А нам в школе талдычили о битве при Гастингсе, об укреплении королевской власти и об ухудшении положения крестьян в аспектах будущих пролетарских революций…

(Между прочим, в тот же день, в Байо, мы увидели изображение этого самого Вилли на знаменитом гобелене со сценами из его жизни. Такой симпатичный парнишка,ему ведь и сорока не было, когда он побил англо-саксов и сделался их королем, большеглазый, ни тебе бородки, ни усов тараканьих — а вот надо же, достиг…)
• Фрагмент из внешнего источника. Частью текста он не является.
lemma sum_net_outflow:
  assumes "finite L"
  shows "(\<Sum>v\<in>L. net_outflow f v)
       = (\<Sum>a\<in>A. (if tail a \<in> L then f a else 0) - (if head a \<in> L then f a else 0))"
proof -
  have sum_end: "(\<Sum>v\<in>L. \<Sum>a\<in>{a\<in>A. g a = v}. f a) = (\<Sum>a\<in>A. if g a \<in> L then f a else 0)"
    for g :: "'e \<Rightarrow> 'v"
  proof -
    have "(\<Sum>v\<in>L. \<Sum>a\<in>{a\<in>A. g a = v}. f a) = (\<Sum>v\<in>L. \<Sum>a\<in>A. if g a = v then f a else 0)"
      using finite_arcs by (simp add: sum.inter_filter)
    also have "\<dots> = (\<Sum>a\<in>A. \<Sum>v\<in>L. if g a = v then f a else 0)"
      by (rule sum.swap)
    also have "\<dots> = (\<Sum>a\<in>A. if g a \<in> L then f a else 0)"
      using assms by simp
    finally show ?thesis .
  qed
  show ?thesis
    unfolding net_outflow_def by (simp add: sum_subtractf sum_end)
qed

lemma sum_net_outflow_nodes: "(\<Sum>v\<in>V. net_outflow f v) = 0"
  by (simp add: sum_net_outflow finite_nodes tail_in_nodes head_in_nodes)

lemma pb_transshipment_iff:
  "pb_transshipment V A tail head \<beta> r b f \<pi> \<longleftrightarrow>
     (\<forall>a\<in>A. f a = potential_flow \<pi> a) \<and> (\<forall>v\<in>V. net_outflow f v = b v)"
  unfolding pb_transshipment_def net_outflow_def potential_flow_def
  using arc_flow_eq_iff[OF resistance_pos degree_pos] by blast

lemma pb_transshipment_potential_flow:
  "pb_transshipment V A tail head \<beta> r (potential_outflow \<psi>) (potential_flow \<psi>) \<psi>"
  by (simp add: pb_transshipment_iff)

lemma pb_transshipment_supply:
  assumes "pb_transshipment V A tail head \<beta> r b f \<pi>" and "v \<in> V"
  shows "b v = potential_outflow \<pi> v"
  using assms net_outflow_cong[of f "potential_flow \<pi>" v] by (simp add: pb_transshipment_iff)

lemma potential_flow_mono:
  assumes "a \<in> A" and "\<psi> (tail a) - \<psi> (head a) \<le> \<psi>' (tail a) - \<psi>' (head a)"
  shows "potential_flow \<psi> a \<le> potential_flow \<psi>' a"
  using assms by (simp add: potential_flow_def arc_flow_mono resistance_pos degree_pos)

lemma potential_outflow_comparison:
  assumes L: "L \<subseteq> V" and inside: "\<forall>v\<in>L. \<psi>1 v \<le> \<psi>2 v" and outside: "\<forall>v\<in>V - L. \<psi>2 v \<le> \<psi>1 v"
  shows "(\<Sum>v\<in>L. potential_outflow \<psi>1 v) \<le> (\<Sum>v\<in>L. potential_outflow \<psi>2 v)"
proof -
  have "finite L"
    using L finite_nodes by (rule finite_subset)
  show ?thesis
    unfolding sum_net_outflow[OF \<open>finite L\<close>]
  proof (rule sum_mono)
    fix a assume a: "a \<in> A"
    have tail: "if tail a \<in> L then \<psi>1 (tail a) \<le> \<psi>2 (tail a) else \<psi>2 (tail a) \<le> \<psi>1 (tail a)"
      using a inside outside tail_in_nodes by auto
    have head: "if head a \<in> L then \<psi>1 (head a) \<le> \<psi>2 (head a) else \<psi>2 (head a) \<le> \<psi>1 (head a)"
      using a inside outside head_in_nodes by auto
    show "(if tail a \<in> L then potential_flow \<psi>1 a else 0) - (if head a \<in> L then potential_flow \<psi>1 a else 0)
        \<le> (if tail a \<in> L then potential_flow \<psi>2 a else 0) - (if head a \<in> L then potential_flow \<psi>2 a else 0)"
      using potential_flow_mono[OF a, of \<psi>1 \<psi>2] potential_flow_mono[OF a, of \<psi>2 \<psi>1] tail head
      by (cases "tail a \<in> L"; cases "head a \<in> L") auto
  qed
qed

lemma potential_outflow_antimono:
  assumes "w \<in> V" and "\<psi>1 w = \<psi>2 w" and "\<forall>u\<in>V. \<psi>1 u \<le> \<psi>2 u"
  shows "potential_outflow \<psi>2 w \<le> potential_outflow \<psi>1 w"
  using assms potential_outflow_comparison[of "{w}" \<psi>2 \<psi>1] by simp

lemma potential_outflow_const: "potential_outflow (\<lambda>_. k) v = 0"
  by (simp add: net_outflow_def potential_flow_def)

lemma potential_outflow_nonneg_at_max:
  assumes "w \<in> V" and "\<forall>u\<in>V. \<psi> u \<le> \<psi> w"
  shows "0 \<le> potential_outflow \<psi> w"
  using assms potential_outflow_antimono[of w \<psi> "\<lambda>_. \<psi> w"] by (simp add: potential_outflow_const)

lemma potential_outflow_nonpos_at_min:
  assumes "w \<in> V" and "\<forall>u\<in>V. \<psi> w \<le> \<psi> u"
  shows "potential_outflow \<psi> w \<le> 0"
  using assms potential_outflow_antimono[of w "\<lambda>_. \<psi> w" \<psi>] by (simp add: potential_outflow_const)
Спустя час после выезда из Кана мы снова прикоснулись к недавней истории. Автобус остановился у полукруглой колоннады с лоджиями по бокам. У каждой лоджии бронзовая урна. В центре семиметровая статуя прекрасного юноши взвивается к небу — то ли тело, то ли дух.

«Тихо», — предупреждает надпись у входа.

Это кладбище.

Тысячи белых крестов и могендовидов строго равняются на ухоженном газоне. Тишина. Под обрывом Ла-Манш.
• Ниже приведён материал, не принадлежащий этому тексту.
(* Let $S=\{s_f^h : f\in\{1,\dots,F\},\ h\in\{1,\dots,H\}\}$ and, for $X\subseteq S$, let $\mathbf{X}(X)\in\{0,1\}^{F\times H}$ be given by $x_{f,h}=1$ iff $s_f^h\in X$. Define the set function $G:2^S\to\mathbb{R}$ by $$G(X)=\sum_{u=1}^U\big(\omega_{0,u}-\bar D_u(\mathbf{X}(X))\big),$$ where, for a placement $\mathbf{X}$, $$\bar D_u=\sum_{j=1}^{|\mathcal{H}(u)|-1}\omega_{(j)_u,u}\sum_{f=1}^F\Big[\prod_{i=1}^{j-1}(1-x_{f,(i)_u})\Big]x_{f,(j)_u}P_f+\omega_{0,u}\sum_{f=1}^F\Big[\prod_{i=1}^{|\mathcal{H}(u)|-1}(1-x_{f,(i)_u})\Big]P_f.$$ Then $G$ is a monotone (nondecreasing) submodular set function.
   Context: Setting: helpers $\{0,1,\dots,H\}$, where helper $0$ is the base station; users $\{1,\dots,U\}$; files $\{1,\dots,F\}$ with request probabilities $P_f\ge 0$, $\sum_f P_f=1$. A bipartite graph with edge set $\mathcal{E}$ between helpers and users, with $(0,u)\in\mathcal{E}$ for all $u$; $\mathcal{H}(u)=\{h:(h,u)\in\mathcal{E}\}$ (so $0\in\mathcal{H}(u)$). Nonnegative reals $\omega_{h,u}$ (average download time per bit on link $(h,u)$) satisfy $\omega_{0,u}\ge\omega_{h,u}$ for all $(h,u)\in\mathcal{E}$, and $\omega_{h,u}=\omega_\infty$ for $(h,u)\notin\mathcal{E}$, where $\omega_\infty$ is a constant much larger than $\max_u\omega_{0,u}$. For each user $u$, $(j)_u$ denotes the helper in $\mathcal{H}(u)$ with the $j$-th smallest delay $\omega_{(j)_u,u}$, with the ordering chosen so that $(|\mathcal{H}(u)|)_u=0$ (the base station is last). Conventions: an empty product equals $1$, an empty sum equals $0$. Set functions: $G$ is submodular if $G(A\cup\{i\})-G(A)\ge G(B\cup\{i\})-G(B)$ for all $A\subseteq B\subseteq S$ and $i\in S\setminus B$; monotone if $A\subseteq B$ implies $G(A)\le G(B)$. *)

theory Defs
  imports "HOL-Analysis.Analysis"
begin

text \<open>Helpers are 0..H (0 = base station), users 1..U, files 1..F.
  The edge set E consists of pairs (h,u).  The neighbourhood of user u: \<close>
definition Hset :: "(nat \<times> nat) set \<Rightarrow> nat \<Rightarrow> nat \<Rightarrow> nat set" where
  "Hset E H u = {h. h \<le> H \<and> (h, u) \<in> E}"

definition Sground :: "nat \<Rightarrow> nat \<Rightarrow> (nat \<times> nat) set" where
  "Sground F H = {1..F} \<times> {1..H}"

definition xX :: "(nat \<times> nat) set \<Rightarrow> nat \<Rightarrow> nat \<Rightarrow> real" where
  "xX X f h = (if (f, h) \<in> X then 1 else 0)"

text \<open>Average delay of user u; ordu u j is the helper (j)_u, m = |H(u)|.\<close>
definition Dbar :: "(nat \<Rightarrow> nat \<Rightarrow> real) \<Rightarrow> (nat \<Rightarrow> real) \<Rightarrow> nat \<Rightarrow>
    (nat \<Rightarrow> nat \<Rightarrow> nat) \<Rightarrow> nat \<Rightarrow> (nat \<times> nat) set \<Rightarrow> nat \<Rightarrow> real" where
  "Dbar \<omega> P F ordu m X u =
     (\<Sum>j = 1..m - 1. \<omega> (ordu u j) u *
        (\<Sum>f = 1..F. (\<Prod>i = 1..j - 1. 1 - xX X f (ordu u i)) * xX X f (ordu u j) * P f))
   + \<omega> 0 u * (\<Sum>f = 1..F. (\<Prod>i = 1..m - 1. 1 - xX X f (ordu u i)) * P f)"

definition Gfun :: "(nat \<times> nat) set \<Rightarrow> nat \<Rightarrow> nat \<Rightarrow> nat \<Rightarrow> (nat \<Rightarrow> nat \<Rightarrow> real) \<Rightarrow>
    (nat \<Rightarrow> real) \<Rightarrow> (nat \<Rightarrow> nat \<Rightarrow> nat) \<Rightarrow> (nat \<times> nat) set \<Rightarrow> real" where
  "Gfun E H U F \<omega> P ordu X =
     (\<Sum>u = 1..U. \<omega> 0 u - Dbar \<omega> P F ordu (card (Hset E H u)) X u)"

definition submodular_set_fun :: "'a set \<Rightarrow> ('a set \<Rightarrow> real) \<Rightarrow> bool" where
  "submodular_set_fun S G \<longleftrightarrow>
     (\<forall>A B i. A \<subseteq> B \<and> B \<subseteq> S \<and> i \<in> S - B \<longrightarrow>
        G (A \<union> {i}) - G A \<ge> G (B \<union> {i}) - G B)"

definition monotone_set_fun :: "'a set \<Rightarrow> ('a set \<Rightarrow> real) \<Rightarrow> bool" where
  "monotone_set_fun S G \<longleftrightarrow> (\<forall>A B. A \<subseteq> B \<and> B \<subseteq> S \<longrightarrow> G A \<le> G B)"

end

theory Submission
  imports Defs
begin

text \<open>For a fixed user and file, the request is served by the nearest helper (in the delay
  order) that caches the file, and by the base station if there is none.  Since the helpers
  are sorted by delay, the per-file delay is therefore the minimum of the delays over the
  caching helpers together with the base station.  Adding items to the placement only enlarges
  the set over which this minimum is taken, so the delay decreases, and it decreases by less
  when the set is already larger.  The utility is a constant minus a nonnegative combination
  of these per-file delays, hence monotone and submodular.\<close>

lemma monotone_submodular_minus_weighted_sum:
  fixes c :: "'k \<Rightarrow> real" and \<phi> :: "'k \<Rightarrow> 'a set \<Rightarrow> real"
  assumes c_nonneg: "\<And>k. k \<in> K \<Longrightarrow> c k \<ge> 0"
    and antimono: "\<And>k A B. A \<subseteq> B \<Longrightarrow> \<phi> k B \<le> \<phi> k A"
    and decrement_antimono:
      "\<And>k A B i. A \<subseteq> B \<Longrightarrow> \<phi> k B - \<phi> k (B \<union> {i}) \<le> \<phi> k A - \<phi> k (A \<union> {i})"
  shows "monotone_set_fun S (\<lambda>X. a - (\<Sum>k\<in>K. c k * \<phi> k X))"
    and "submodular_set_fun S (\<lambda>X. a - (\<Sum>k\<in>K. c k * \<phi> k X))"
proof -
  show "monotone_set_fun S (\<lambda>X. a - (\<Sum>k\<in>K. c k * \<phi> k X))"
    unfolding monotone_set_fun_def
    using c_nonneg antimono by (auto intro!: sum_mono mult_left_mono)
  have "(\<Sum>k\<in>K. c k * (\<phi> k B - \<phi> k (B \<union> {i}))) \<le> (\<Sum>k\<in>K. c k * (\<phi> k A - \<phi> k (A \<union> {i})))"
    if "A \<subseteq> B" for A B i
    using c_nonneg decrement_antimono[OF that] by (auto intro!: sum_mono mult_left_mono)
  then show "submodular_set_fun S (\<lambda>X. a - (\<Sum>k\<in>K. c k * \<phi> k X))"
    unfolding submodular_set_fun_def by (simp add: sum_subtractf right_diff_distrib)
qed

lemma Min_image_Un_decrement_antimono:
  fixes w :: "'a \<Rightarrow> real"
  assumes "finite L" "K \<subseteq> L" "K \<noteq> {}" "finite J"
  shows "Min (w ` L) - Min (w ` (L \<union> J)) \<le> Min (w ` K) - Min (w ` (K \<union> J))"
proof (cases "J = {}")
  case False
  have "finite K" using assms(1,2) finite_subset by blast
  then have "Min (w ` (M \<union> J)) = min (Min (w ` M)) (Min (w ` J))" if "M \<in> {K, L}" for M
    using that assms False by (auto simp: image_Un intro!: Min_Un)
  moreover have "Min (w ` L) \<le> Min (w ` K)"
    using assms by (auto intro: Min_antimono)
  ultimately show ?thesis by (simp add: min_def)
qed simp

text \<open>Here \<open>w j\<close> is the delay of the \<open>j\<close>-th nearest helper, \<open>g j\<close> the item meaning that this
  helper caches the file, and index \<open>m\<close> is the base station, which always has the file.\<close>

definition nearest_cost :: "(nat \<Rightarrow> real) \<Rightarrow> nat \<Rightarrow> (nat \<Rightarrow> 'a) \<Rightarrow> 'a set \<Rightarrow> real" where
  "nearest_cost w m g X = Min (w ` ({j \<in> {1..m-1}. g j \<in> X} \<union> {m}))"

lemma nearest_cost_antimono:
  "A \<subseteq> B \<Longrightarrow> nearest_cost w m g B \<le> nearest_cost w m g A"
  unfolding nearest_cost_def by (rule Min_antimono) auto

lemma nearest_cost_decrement_antimono:
  assumes "A \<subseteq> B"
  shows "nearest_cost w m g B - nearest_cost w m g (B \<union> {i})
       \<le> nearest_cost w m g A - nearest_cost w m g (A \<union> {i})"
proof -
  have "{j \<in> {1..m-1}. g j \<in> X \<union> {i}} \<union> {m}
      = ({j \<in> {1..m-1}. g j \<in> X} \<union> {m}) \<union> {j \<in> {1..m-1}. g j = i}" for X
    by auto
  then show ?thesis
    unfolding nearest_cost_def using assms
    by (simp only:) (rule Min_image_Un_decrement_antimono; auto)
qed

lemma Min_image_sorted:
  fixes w :: "nat \<Rightarrow> real"
  assumes sorted: "\<And>i j. 1 \<le> i \<Longrightarrow> i \<le> j \<Longrightarrow> j \<le> m \<Longrightarrow> w i \<le> w j"
    and "K \<subseteq> {1..m}" "K \<noteq> {}"
  shows "Min (w ` K) = w (Min K)"
proof -
  have "finite K" using assms(2) finite_subset by blast
  then have "Min K \<in> K" "\<And>j. j \<in> K \<Longrightarrow> Min K \<le> j"
    using assms(3) by auto
  with \<open>finite K\<close> assms(2) show ?thesis
    by (intro Min_eqI) (auto intro!: sorted)
qed

lemma first_hit_sum_eq:
  fixes w x :: "nat \<Rightarrow> real"
  assumes k: "1 \<le> k" "k \<le> m"
    and before_k: "\<And>j. 1 \<le> j \<Longrightarrow> j < k \<Longrightarrow> x j = 0"
    and at_k: "k < m \<Longrightarrow> x k = 1"
  shows "(\<Sum>j = 1..m-1. w j * ((\<Prod>i = 1..j-1. 1 - x i) * x j))
           + w m * (\<Prod>i = 1..m-1. 1 - x i) = w k"
proof -
  have prod_one: "(\<Prod>i = 1..j-1. 1 - x i) = 1" if "j \<le> k" for j
    using that before_k by (intro prod.neutral) auto
  have prod_after: "(\<Prod>i = 1..j-1. 1 - x i) = 0" if "k < j" "j \<le> m" for j
    using that k at_k by (intro prod_zero) (auto intro!: bexI[of _ k])
  have term_zero: "w j * ((\<Prod>i = 1..j-1. 1 - x i) * x j) = 0" if "j \<in> {1..m-1} - {k}" for j
    using that before_k prod_after[of j] by (cases "j < k") auto
  show ?thesis
  proof (cases "k < m")
    case True
    have "(\<Sum>j = 1..m-1. w j * ((\<Prod>i = 1..j-1. 1 - x i) * x j))
        = w k * ((\<Prod>i = 1..k-1. 1 - x i) * x k)
          + (\<Sum>j \<in> {1..m-1} - {k}. w j * ((\<Prod>i = 1..j-1. 1 - x i) * x j))"
      using True k by (intro sum.remove) auto
    also have "(\<Sum>j \<in> {1..m-1} - {k}. w j * ((\<Prod>i = 1..j-1. 1 - x i) * x j)) = 0"
      by (intro sum.neutral ballI term_zero)
    finally show ?thesis
      using True prod_one prod_after at_k by simp
  next
    case False
    then have "k = m" using k by simp
    moreover have "(\<Sum>j = 1..m-1. w j * ((\<Prod>i = 1..j-1. 1 - x i) * x j)) = 0"
      using \<open>k = m\<close> by (intro sum.neutral ballI term_zero) auto
    ultimately show ?thesis using prod_one by simp
  qed
qed

lemma first_hit_sum_eq_nearest_cost:
  fixes w :: "nat \<Rightarrow> real"
  assumes "1 \<le> m"
    and sorted: "\<And>i j. 1 \<le> i \<Longrightarrow> i \<le> j \<Longrightarrow> j \<le> m \<Longrightarrow> w i \<le> w j"
  shows "(\<Sum>j = 1..m-1. w j * ((\<Prod>i = 1..j-1. 1 - xX X f (h i)) * xX X f (h j)))
           + w m * (\<Prod>i = 1..m-1. 1 - xX X f (h i))
         = nearest_cost w m (\<lambda>j. (f, h j)) X"
proof -
  define K where "K = {j \<in> {1..m-1}. (f, h j) \<in> X} \<union> {m}"
  have K: "K \<subseteq> {1..m}" "m \<in> K" "finite K"
    using assms(1) by (auto simp: K_def)
  have "nearest_cost w m (\<lambda>j. (f, h j)) X = w (Min K)"
    unfolding nearest_cost_def K_def[symmetric] using K sorted
    by (intro Min_image_sorted) auto
  moreover have "Min K \<in> K" "\<And>j. j \<in> K \<Longrightarrow> Min K \<le> j"
    using K by (auto intro: Min_in)
  then have "Min K \<le> m" "1 \<le> Min K" "\<And>j. 1 \<le> j \<Longrightarrow> j < Min K \<Longrightarrow> xX X f (h j) = 0"
      "Min K < m \<Longrightarrow> xX X f (h (Min K)) = 1"
    using K by (fastforce simp: K_def xX_def)+
  ultimately show ?thesis
    by (subst first_hit_sum_eq[where k = "Min K"]) (auto simp: xX_def)
qed

lemma Dbar_eq_sum_nearest_cost:
  assumes "1 \<le> m" and base_last: "ordu u m = 0"
    and sorted: "\<And>i j. 1 \<le> i \<Longrightarrow> i \<le> j \<Longrightarrow> j \<le> m \<Longrightarrow> \<omega> (ordu u i) u \<le> \<omega> (ordu u j) u"
  shows "Dbar \<omega> P F ordu m X u
       = (\<Sum>f = 1..F. P f * nearest_cost (\<lambda>j. \<omega> (ordu u j) u) m (\<lambda>j. (f, ordu u j)) X)"
proof -
  have "Dbar \<omega> P F ordu m X u = (\<Sum>f = 1..F. P f *
      ((\<Sum>j = 1..m-1. \<omega> (ordu u j) u *
          ((\<Prod>i = 1..j-1. 1 - xX X f (ordu u i)) * xX X f (ordu u j)))
       + \<omega> (ordu u m) u * (\<Prod>i = 1..m-1. 1 - xX X f (ordu u i))))"
    unfolding Dbar_def base_last
    by (simp add: sum.distrib distrib_left sum_distrib_left mult_ac) (rule sum.swap)
  also have "\<dots> = (\<Sum>f = 1..F. P f *
      nearest_cost (\<lambda>j. \<omega> (ordu u j) u) m (\<lambda>j. (f, ordu u j)) X)"
    using assms by (intro sum.cong refl arg_cong[where f = "(*) (P _)"] first_hit_sum_eq_nearest_cost)
  finally show ?thesis .
qed

theorem mainTheorem3:
  fixes H U F :: nat
    and E :: "(nat \<times> nat) set"
    and \<omega> :: "nat \<Rightarrow> nat \<Rightarrow> real"
    and \<omega>inf :: real
    and P :: "nat \<Rightarrow> real"
    and ordu :: "nat \<Rightarrow> nat \<Rightarrow> nat"
  assumes P_nonneg: "\<forall>f\<in>{1..F}. P f \<ge> 0"
    and P_sum: "(\<Sum>f = 1..F. P f) = 1"
    and E_sub: "E \<subseteq> {0..H} \<times> {1..U}"
    and base_edge: "\<forall>u\<in>{1..U}. (0, u) \<in> E"
    and \<omega>_nonneg: "\<forall>h u. \<omega> h u \<ge> 0"
    and \<omega>_base: "\<forall>(h, u)\<in>E. \<omega> 0 u \<ge> \<omega> h u"
    and \<omega>_inf: "\<forall>h u. (h, u) \<notin> E \<longrightarrow> \<omega> h u = \<omega>inf"
    and \<omega>inf_large: "\<forall>u\<in>{1..U}. \<omega>inf > \<omega> 0 u"
    and ord_bij: "\<forall>u\<in>{1..U}. bij_betw (ordu u) {1..card (Hset E H u)} (Hset E H u)"
    and ord_sorted: "\<forall>u\<in>{1..U}. \<forall>i j. 1 \<le> i \<and> i \<le> j \<and> j \<le> card (Hset E H u) \<longrightarrow>
                        \<omega> (ordu u i) u \<le> \<omega> (ordu u j) u"
    and ord_last: "\<forall>u\<in>{1..U}. ordu u (card (Hset E H u)) = 0"
  shows "monotone_set_fun (Sground F H) (Gfun E H U F \<omega> P ordu)
       \<and> submodular_set_fun (Sground F H) (Gfun E H U F \<omega> P ordu)"
proof -
  define m where "m u = card (Hset E H u)" for u
  define \<phi> :: "nat \<times> nat \<Rightarrow> (nat \<times> nat) set \<Rightarrow> real"
    where "\<phi> k = nearest_cost (\<lambda>j. \<omega> (ordu (fst k) j) (fst k)) (m (fst k)) (\<lambda>j. (snd k, ordu (fst k) j))"
    for k
  have m_pos: "1 \<le> m u" if "u \<in> {1..U}" for u
  proof -
    have "0 \<in> Hset E H u" "finite (Hset E H u)"
      using base_edge that by (auto simp: Hset_def)
    then show ?thesis
      unfolding m_def by (metis One_nat_def Suc_leI card_gt_0_iff empty_iff)
  qed
  have Dbar_eq: "Dbar \<omega> P F ordu (m u) X u = (\<Sum>f = 1..F. P f * \<phi> (u, f) X)"
    if "u \<in> {1..U}" for u X
    unfolding \<phi>_def fst_conv snd_conv
    by (rule Dbar_eq_sum_nearest_cost) (use that m_pos ord_last ord_sorted in \<open>auto simp: m_def\<close>)
  have G: "Gfun E H U F \<omega> P ordu
      = (\<lambda>X. (\<Sum>u = 1..U. \<omega> 0 u) - (\<Sum>k \<in> {1..U} \<times> {1..F}. P (snd k) * \<phi> k X))"
    unfolding Gfun_def m_def[symmetric] sum_subtractf sum.cartesian_product'
    by (simp add: Dbar_eq)
  have "\<phi> k B \<le> \<phi> k A" if "A \<subseteq> B" for k A B
    unfolding \<phi>_def by (rule nearest_cost_antimono[OF that])
  moreover have "\<phi> k B - \<phi> k (B \<union> {i}) \<le> \<phi> k A - \<phi> k (A \<union> {i})" if "A \<subseteq> B" for k A B i
    unfolding \<phi>_def by (rule nearest_cost_decrement_antimono[OF that])
  ultimately show ?thesis
    unfolding G using P_nonneg by (auto intro!: monotone_submodular_minus_weighted_sum)
qed

end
Шестого июня сорок четвертого года здесь не было тихо. Это было место, где союзникам не повезло: погода была на стороне немцев, и сами они тоже были не робкого десятка. Здесь высаживался 5-й корпус 1-й американской армии. Почти все танки первого броска ушли на дно, потопленные высоким прибоем. А пеших десантников на голом пляже немцы встретили убийственным огнем. 9386 американских солдат и офицеров покоятся здесь. 307 надгробий помечены надписью «Неизвестный». Останки еще 14 тысяч американцев, погибших в первые дни высадки и первоначально захороненных здесь, были позднее возвращены в родную землю.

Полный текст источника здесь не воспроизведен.